The Board of Education of Anne Arundel County tonight adopted final Fiscal Year 2027 operating and capital budgets which provide compensation increases to all employees, fund contractual increases across the school system, and enhance instructional and athletic environments for all students.

The Board made no changes to the budgets approved June 11 by the County Council. In its work, the Council added approximately $7 million in operating and capital budget funding to the proposal put forth by County Executive Steuart Pittman in May.

“In a time where school systems are cutting programs and jobs of existing employees, this budget does neither,” Board of Education President Gloria Dent said. “I am enormously grateful to the County Executive and the County Council for the collaborative work in which they continue to engage on behalf of our students and staff.”
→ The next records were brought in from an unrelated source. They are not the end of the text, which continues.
theorem mainTheorem1:
  fixes G :: "('v, 'e) hgraph"
  assumes "host_graph G"
    and "\<forall>v\<in>V G. nmk G v = NGrey \<and> \<not> root G v"
    and "\<forall>e\<in>E G. emk G e = EUnmarked"
  shows "terminates is_connected_prog G
    \<and> (\<exists>res. exec is_connected_prog G res)
    \<and> (connected_graph G \<longrightarrow>
         (\<forall>res. exec is_connected_prog G res \<longrightarrow>
            (\<exists>H. res = Ok H \<and> iso_up_to_marks G H)))
    \<and> (\<not> connected_graph G \<longrightarrow>
         (\<forall>res. exec is_connected_prog G res \<longrightarrow> res = Failed))"
proof -
  have terminates: "terminates is_connected_prog G"
    using assms(1) by (intro is_connected_prog_terminates) (simp add: host_graph_def)
  moreover have "\<exists>res. exec is_connected_prog G res"
    using terminates by (rule terminates_imp_exec)
  moreover have "if connected_graph G then \<exists>H. res = Ok H \<and> iso_up_to_marks G H else res = Failed"
    if "exec is_connected_prog G res" for res
    using is_connected_prog_correct[OF assms that] .
  ultimately show ?thesis by (metis (full_types))
qed

end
The Board tonight also approved negotiated agreements with all four employee bargaining units, meaning the school system will enter the 2026-2027 school year with no outstanding labor relations issues.

“We have spent a lot of time and effort over the last four years to make Anne Arundel County Public Schools a place where every employee feels like they can Belong, Grow, and Succeed,” Superintendent of Schools Dr. Mark Bedell said. “That can be seen in the fact that our retention rates for the just-concluded school year are nearly 96 percent for instructional employees and more than 94 percent for non-instructional employees. The successful conclusion of negotiations with all our bargaining units is a huge step in continuing that trajectory.”

The $1.87 billion operating budget approved by the Board contains a step or step equivalent increase for all eligible employees and a 2.25 percent cost-of-living increase for all employees. It adds more than $1 million to bring the rate of pay for Temporary Support Assistants to $18 per hour and nearly $1.9 million in stipends for National Board Certified teachers.

The plan also allocates nearly $5.2 million to open the Carver Early Education Center and New Village Academy public charter school in the fall, and more than $4.6 million to continue funding critical special education teaching positions that were left unfunded by state grants.

In the $174 million capital budget, the County Council allocated more than $89 million for continued construction of the new Old Mill High School and Old Mill Middle School North, along with $9.1 million in funding for field houses at Arundel and Chesapeake high schools.

The council also included money to fund feasibility studies for Ruth Parker Eason School, Arundel Middle School, Riviera Beach Elementary School, Chesapeake Bay Middle School/Bodkin Elementary School, and Van Bokkelen Elementary School.

The budgets go into effect on July 1, 2026.